Part 3 will focus on the process of implementing an entry-level Vault workflow on DC/OS with Vault-Gatekeeper-Mesos, and some miscellaneous thoughts with regards to building out such a Vault workflow into a production-ready system. It will build on some of the terminology and concepts introduced in previous sections, so if you’re confused by some of the assumptions in this article, kindly head back to Part 1 and Part 2 for clarity.

What’s the value of doing this ‘on a budget’? Aside from working within the budget contraints that for security management in an NGO context, I believe that reasoning about secret management from a non-Enterprise viewpoint can grant vendor-independent insight into what factors could strengthen a secret management workflow and what factors could hinder it. Although we will use Django-on-Docker-on-DC/OS as the setup grounding the exploration, the learnings here are, hopefully, transferrable to other platforms.

Introduction to Vault Workflows

The Vault workflow refers to a software process, designed with Vault at its core, whose actors are orchestrated to automate the secure storage, distribution, and management of secrets. A very simple Vault workflow in a non-containerised, non-cluster setup might simply consist of a webapp service with knowledge of a valid Vault token, fetching database credentials from Vault before launch.
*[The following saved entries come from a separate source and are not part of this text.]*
definition smooth_fun :: "('a::euclidean_space \<Rightarrow> real) \<Rightarrow> bool" where
  "smooth_fun f \<longleftrightarrow> (\<forall>k. Ck k f)"

definition smooth_domain :: "'a::euclidean_space set \<Rightarrow> bool" where
  "smooth_domain \<Omega> \<longleftrightarrow> (\<exists>\<rho>. smooth_fun \<rho> \<and> \<Omega> = {x. \<rho> x < 0} \<and>
      (\<forall>x. \<rho> x = 0 \<longrightarrow> (\<exists>D. (\<rho> has_derivative D) (at x) \<and> D \<noteq> (\<lambda>h. 0))))"

definition slab_diameter :: "'a::euclidean_space set \<Rightarrow> real" where
  "slab_diameter \<Omega> = Inf {b - a | u a b. norm u = 1 \<and> \<Omega> \<subseteq> {x. a \<le> u \<bullet> x \<and> u \<bullet> x \<le> b}}"

definition test_fun :: "'a::euclidean_space set \<Rightarrow> ('a \<Rightarrow> real) \<Rightarrow> ('a \<Rightarrow> 'a) \<Rightarrow> bool" where
  "test_fun \<Omega> \<phi> G \<longleftrightarrow> smooth_fun \<phi> \<and> (\<forall>x. (\<phi> has_derivative (\<lambda>h. G x \<bullet> h)) (at x)) \<and>
      compact (closure {x. \<phi> x \<noteq> 0}) \<and> closure {x. \<phi> x \<noteq> 0} \<subseteq> \<Omega>"

(* W^{1,p}_0(\<Omega>): completion of C_c^\<infinity>(\<Omega>) in the W^{1,p} norm.  A pair (v, g) belongs
   to it iff v, g are measurable and some sequence of test functions \<phi>_k converges to v
   in L^p(\<Omega>) while \<nabla>\<phi>_k converges to g in L^p(\<Omega>); g is then the weak gradient of v. *)
definition W0 :: "real \<Rightarrow> 'a::euclidean_space set \<Rightarrow> (('a \<Rightarrow> real) \<times> ('a \<Rightarrow> 'a)) set" where
  "W0 p \<Omega> = {(v, g). v \<in> borel_measurable lebesgue \<and> g \<in> borel_measurable lebesgue \<and>
      (\<exists>\<phi> G. (\<forall>k. test_fun \<Omega> (\<phi> k) (G k)) \<and>
         ((\<lambda>k. \<integral>\<^sup>+ x\<in>\<Omega>. ennreal (\<bar>\<phi> k x - v x\<bar> powr p) \<partial>lebesgue) \<longlonglongrightarrow> 0) \<and>
         ((\<lambda>k. \<integral>\<^sup>+ x\<in>\<Omega>. ennreal (norm (G k x - g x) powr p) \<partial>lebesgue) \<longlonglongrightarrow> 0))}"

definition lambda1 :: "real \<Rightarrow> 'a::euclidean_space set \<Rightarrow> ennreal" where
  "lambda1 p \<Omega> = Inf {(\<integral>\<^sup>+ x\<in>\<Omega>. ennreal (norm (g x) powr p) \<partial>lebesgue) /
                        (\<integral>\<^sup>+ x\<in>\<Omega>. ennreal (\<bar>v x\<bar> powr p) \<partial>lebesgue)
                      | v g. (v, g) \<in> W0 p \<Omega> \<and> (\<integral>\<^sup>+ x\<in>\<Omega>. ennreal (\<bar>v x\<bar> powr p) \<partial>lebesgue) \<noteq> 0}"

end

theory Submission
  imports Defs
begin

(* Fix a unit vector u and a slab a <= u.x <= b containing Omega, with centre m and half-width
   R = (b - a)/2.  With q = p/(p-1) and K = q^(p-1), the barrier
     f(t) = K t (R^q - |t|^q)^(1-p)    on (-R, R)
   satisfies the Riccati inequality f' - (p-1)|f|^q = K (R^q - |t|^q)^(1-p) >= K R^(-p).
   For a test function phi, the vector field f(u.x - m) |phi|^p u has zero total divergence;
   Young's inequality absorbs the cross term p f |phi|^(p-2) phi (grad phi . u) into
   |grad phi|^p + (p-1) |f|^q |phi|^p, which leaves K R^(-p) int |phi|^p <= int |grad phi|^p.
   The bound passes to W^{1,p}_0 by approximation, and to the slab diameter by continuity
   in the width of the slab. *)


lemma has_real_derivative_abs_powr:
  fixes q t :: real
  assumes q: "q > 1"
  shows "((\<lambda>t. \<bar>t\<bar> powr q) has_real_derivative q * \<bar>t\<bar> powr (q - 1) * sgn t) (at t)"
proof (cases "t = 0")
  case True
  have "((\<lambda>y::real. \<bar>y\<bar> powr (q - 1)) \<longlongrightarrow> 0) (at 0)"
    using q by (auto intro!: tendsto_eq_intros)
  moreover have "\<bar>y\<bar> powr (q - 1) = \<bar>(\<bar>y\<bar> powr q - \<bar>0\<bar> powr q) / (y - 0)\<bar>" if "y \<noteq> 0" for y :: real
    using that q by (simp add: abs_divide powr_diff)
  ultimately have "((\<lambda>y. \<bar>(\<bar>y\<bar> powr q - \<bar>0\<bar> powr q) / (y - 0)\<bar>) \<longlongrightarrow> 0) (at (0::real))"
    by (simp add: Lim_transform_eventually eventually_at_filter)
  then show ?thesis
    using True q by (simp add: has_field_derivative_iff tendsto_rabs_zero_cancel)
next
  case False
  have "sgn t * t = \<bar>t\<bar>" by (simp add: sgn_if)
  with False
  have "((\<lambda>s. (sgn t * s) powr q) has_real_derivative q * \<bar>t\<bar> powr (q - 1) * sgn t) (at t)"
    by (auto intro!: derivative_eq_intros)
  then show ?thesis
    by (rule has_field_derivative_transform_within_open[where S = "ball t \<bar>t\<bar>"])
      (use False in \<open>auto simp: dist_real_def sgn_if abs_if split: if_splits\<close>)
qed

lemma Youngs_inequality_conjugate:
  fixes p a b :: real
  assumes "p > 1" "a \<ge> 0" "b \<ge> 0"
  shows "p * a * b \<le> a powr p + (p - 1) * b powr (p / (p - 1))"
proof -
  have "a * b \<le> a powr p / p + b powr (p / (p - 1)) / (p / (p - 1))"
    using assms by (intro Youngs_inequality) (auto simp: field_simps)
  then show ?thesis
    using assms by (simp add: field_simps)
qed

lemma add_powr_le_weighted:
  fixes p l x y :: real
  assumes "p \<ge> 1" "0 < l" "l < 1" "x \<ge> 0" "y \<ge> 0"
  shows "(x + y) powr p \<le> l powr (1 - p) * x powr p + (1 - l) powr (1 - p) * y powr p"
proof (cases "x > 0 \<and> y > 0")
  case True
  have "(l * (x / l) + (1 - l) * (y / (1 - l))) powr p
          \<le> l * (x / l) powr p + (1 - l) * (y / (1 - l)) powr p"
    using convex_onD[OF powr_convex[OF assms(1)], of "1 - l" "x / l" "y / (1 - l)"] True assms
    by auto
  then show ?thesis
    using assms by (simp add: powr_divide powr_diff)
next
  case False
  have "1 \<le> l powr (1 - p)" "1 \<le> (1 - l) powr (1 - p)"
    using powr_mono2'[of "1 - p" l 1] powr_mono2'[of "1 - p" "1 - l" 1] assms by auto
  then have "x powr p \<le> l powr (1 - p) * x powr p" "y powr p \<le> (1 - l) powr (1 - p) * y powr p"
    by (simp_all add: mult_le_cancel_right1)
  then show ?thesis
    using False assms by auto
qed

lemma continuous_on_abs_powr_sgn:
  fixes e :: real
  assumes "e > 0"
  shows "continuous_on UNIV (\<lambda>t::real. \<bar>t\<bar> powr e * sgn t)"
proof -
  have "continuous_on {0..} (\<lambda>t::real. \<bar>t\<bar> powr e * sgn t)"
  proof (rule continuous_on_cong[THEN iffD1, rotated 2])
    show "continuous_on {0..} (\<lambda>t::real. t powr e)"
      using assms by (intro continuous_on_powr' continuous_intros) auto
  qed (auto simp: sgn_if)
  moreover have "continuous_on {..0} (\<lambda>t::real. \<bar>t\<bar> powr e * sgn t)"
  proof (rule continuous_on_cong[THEN iffD1, rotated 2])
    show "continuous_on {..0} (\<lambda>t::real. - ((- t) powr e))"
      using assms by (intro continuous_on_powr' continuous_intros) auto
  qed (auto simp: sgn_if)
  ultimately have "continuous_on ({..0} \<union> {0..}) (\<lambda>t::real. \<bar>t\<bar> powr e * sgn t)"
    by (intro continuous_on_closed_Un) auto
  moreover have "{..0} \<union> {0..} = (UNIV :: real set)"
    by auto
  ultimately show ?thesis
    by simp
qed


section \<open>The one-dimensional barrier\<close>

definition barrier :: "real \<Rightarrow> real \<Rightarrow> real \<Rightarrow> real" where
  "barrier p R t = (p / (p - 1)) powr (p - 1) * t *
     (R powr (p / (p - 1)) - \<bar>t\<bar> powr (p / (p - 1))) powr (1 - p)"

definition barrier_deriv :: "real \<Rightarrow> real \<Rightarrow> real \<Rightarrow> real" where
  "barrier_deriv p R t = (p / (p - 1)) powr (p - 1) *
     ((R powr (p / (p - 1)) - \<bar>t\<bar> powr (p / (p - 1))) powr (1 - p) +
      p * \<bar>t\<bar> powr (p / (p - 1)) * (R powr (p / (p - 1)) - \<bar>t\<bar> powr (p / (p - 1))) powr (- p))"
Things get a bit trickier if we want to design a Vault workflow for a cluster — specifically, a cluster used for high-availability container orchestration. They also get trickier if we want our workflow to be reasonably secure against common threats that are applicable to secret management systems.

Naive Vault Cluster Workflow

Let’s build onto the basic DC/OS cluster setup described in Part 2 of this series: instead of just a single webapp, we’re manually deploying multiple Dockerised webapps on our cluster through the Marathon UI. All services on the cluster, including Vault, are networked on a private interface. Each webapp needs access to their private PostgreSQL schema to work properly. In order to request PostgreSQL credentials from Vault, each webapp must have knowledge of a valid Vault token with the appropriate policies applied.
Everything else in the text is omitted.